I am getting the error mentioned below.
I've validated that from the EMR master node I can use curl to access the url mentioned in the error.
Please let me know how to resolve this issue.
Thanks
Curl results:
curl 'http://xxx-xx-x-xxx.us-west-2.compute.internal:50070/webhdfs/v1/user/test/vertica/S2V_job5301965226302870212/?user.name=dbadmin&op=LISTSTATUS'
{"RemoteException":{"exception":"FileNotFoundException","javaClassName":"java.io.FileNotFoundException","message":"File /user/test/vertica/S2V_job5301965226302870212/ does not exist."}}
Exception in the spark-shell on saving the dataframe to vertica
17/06/09 21:23:19 ERROR S2V: Failed to save DataFrame to Vertica table: public.S2V_test_table
java.lang.Exception: S2V: FATAL ERROR for job S2V_job5301965226302870212. Job status information is available in the Vertica table public.S2V_JOB_STATUS_USER_DBADMIN. Unable to create/insert into target table public.S2V_test_table with SaveMode: Append. ERROR MESSAGE: ERROR: java.sql.SQLException: [Vertica]VJDBC ERROR: ****Failed to glob "webhdfs://xxx-xx-x-xxx.us-west-2.compute.internal:50070/user/test/vertica/S2V_job5301965226302870212/*.orc" because of error: [http://ip-xxx-xx-x-xxx.us-west-2.compute.internal:50070/webhdfs/v1/user/test/vertica/S2V_job5301965226302870212/?user.name=dbadmin&op=LISTSTATUS]: Curl Error: Couldn't connect to server
Error Details: Failed to connect to ip-xxx-xx-x-xxx.us-west-2.compute.internal port 50070: Connection timed out****
at com.vertica.spark.s2v.S2V.do2Stage(S2V.scala:342)
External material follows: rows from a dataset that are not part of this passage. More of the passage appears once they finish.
(* Consider SALIQUANT. Then $\mathcal{SG}(0)=0$, and if $n$ is odd, then $\mathcal{SG}(n)=\frac{n-1}{2}$. Moreover, $\mathcal{SG}(n)<n/2$.
   Context: SALIQUANT is the impartial normal-play game on the nonnegative integers where from $n$ a player subtracts a nondivisor of $n$: $\mathrm{opt}(n)=\{n-k: 1\le k\le n,\ k\nmid n\}$; the player unable to move loses. $\mathcal{SG}$ denotes the Sprague-Grundy value (mex rule). *)

theory Defs
  imports Complex_Main
begin

definition opt :: "nat \<Rightarrow> nat set" where
  "opt n = {n - k | k. 1 \<le> k \<and> k \<le> n \<and> \<not> k dvd n}"

definition mex :: "nat set \<Rightarrow> nat" where
  "mex A = (LEAST m. m \<notin> A)"

function sg :: "nat \<Rightarrow> nat" where
  "sg n = mex (\<Union>m\<in>{m. m \<in> opt n \<and> m < n}. {sg m})"
  by auto
termination
  by (relation "measure id") auto

text \<open>Every option is strictly smaller, so the guard m < n is vacuous.\<close>

end

theory Submission
  imports Defs
begin

text \<open>Subtracting 1 or n is never allowed, so every option m of n satisfies 1 \<le> m \<le> n - 2; by
  induction this gives SG(m) \<le> (m - 1)/2 < (n - 1)/2 for all options, hence SG(n) \<le> (n - 1)/2.
  If n is odd, every odd m < n is an option, since n - m is even and so cannot divide n; by
  induction these options realise all values below (n - 1)/2, so the mex is exactly (n - 1)/2.\<close>

declare sg.simps[simp del]

lemma mex_le: "b \<notin> A \<Longrightarrow> mex A \<le> b"
  unfolding mex_def by (rule Least_le)

lemma mex_eqI: "b \<notin> A \<Longrightarrow> {..<b} \<subseteq> A \<Longrightarrow> mex A = b"
  unfolding mex_def by (rule Least_equality) (auto simp: not_less[symmetric])

lemma opt_bounds:
  assumes "m \<in> opt n"
  shows "1 \<le> m" and "m + 2 \<le> n"
proof -
  obtain k where k: "m = n - k" "1 \<le> k" "k \<le> n" "\<not> k dvd n"
    using assms unfolding opt_def by blast
  then have "k \<noteq> 1" and "k \<noteq> n" by auto
  with k show "1 \<le> m" and "m + 2 \<le> n" by auto
qed

lemma odd_in_opt:
  assumes "odd n" "odd m" "m < n"
  shows "m \<in> opt n"
proof -
  have "even (n - m)" using assms by simp
  then have "\<not> (n - m) dvd n"
    using \<open>odd n\<close> dvd_trans[of 2 "n - m" n] by blast
  then show ?thesis
    unfolding opt_def using \<open>m < n\<close> by (auto intro!: exI[of _ "n - m"])
qed

lemma sg_eq_mex_opt: "sg n = mex (sg ` opt n)"
proof -
  have "{m. m \<in> opt n \<and> m < n} = opt n"
    using opt_bounds(2) by fastforce
  moreover have "(\<Union>m\<in>A. {sg m}) = sg ` A" for A
    by blast
  ultimately show ?thesis
    by (subst sg.simps) simp
qed

lemma half_notin_sg_opt:
  assumes "\<And>m. m \<in> opt n \<Longrightarrow> sg m \<le> (m - 1) div 2"
  shows "(n - 1) div 2 \<notin> sg ` opt n"
proof
  assume "(n - 1) div 2 \<in> sg ` opt n"
  then obtain m where "m \<in> opt n" and "(n - 1) div 2 = sg m"
    by blast
  with assms[of m] opt_bounds[of m n] show False
    by linarith
qed

lemma sg_le_half: "sg n \<le> (n - 1) div 2"
proof (induction n rule: less_induct)
  case (less n)
  have "(n - 1) div 2 \<notin> sg ` opt n"
  proof (rule half_notin_sg_opt)
    fix m
    assume "m \<in> opt n"
    then have "m < n"
      using opt_bounds(2) by fastforce
    then show "sg m \<le> (m - 1) div 2"
      by (rule less.IH)
  qed
  then show ?case
    unfolding sg_eq_mex_opt[of n] by (rule mex_le)
qed

lemma sg_odd: "odd n \<Longrightarrow> sg n = (n - 1) div 2"
proof (induction n rule: less_induct)
  case (less n)
  have "(n - 1) div 2 \<notin> sg ` opt n"
    by (rule half_notin_sg_opt) (rule sg_le_half)
  moreover have "{..<(n - 1) div 2} \<subseteq> sg ` opt n"
  proof
    fix c assume "c \<in> {..<(n - 1) div 2}"
    then have "2 * c + 1 < n" by auto
    then have "2 * c + 1 \<in> opt n" and "sg (2 * c + 1) = c"
      using odd_in_opt[OF less.prems] less.IH by auto
    then show "c \<in> sg ` opt n"
      by (metis image_eqI)
  qed
  ultimately show ?case
    unfolding sg_eq_mex_opt[of n] by (rule mex_eqI)
qed

theorem mainTheorem5:
  shows "sg 0 = 0 \<and> (\<forall>n. odd n \<longrightarrow> sg n = (n - 1) div 2)
         \<and> (\<forall>n. n \<ge> 1 \<longrightarrow> real (sg n) < real n / 2)"
proof (intro conjI allI impI)
  show "sg 0 = 0"
    using sg_le_half[of 0] by simp
next
  fix n :: nat
  assume "odd n"
  then show "sg n = (n - 1) div 2" by (rule sg_odd)
next
  fix n :: nat
  assume "n \<ge> 1"
  then have "2 * sg n < n"
    using sg_le_half[of n] by linarith
  then show "real (sg n) < real n / 2" by linarith
qed

end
at com.vertica.spark.s2v.S2V.save(S2V.scala:392)
at com.vertica.spark.datasource.DefaultSource.createRelation(VerticaSource.scala:88)
at org.apache.spark.sql.execution.datasources.DataSource.write(DataSource.scala:426)
at org.apache.spark.sql.DataFrameWriter.save(DataFrameWriter.scala:215)
... 54 elided
Comments
Hi:
The issue is resolved and it was connectivity between Vertica and hadoop cluster that was causing the failure.
Thanks
Hi mans4singh
How was the issue solved ,any details will be highly appreciated
P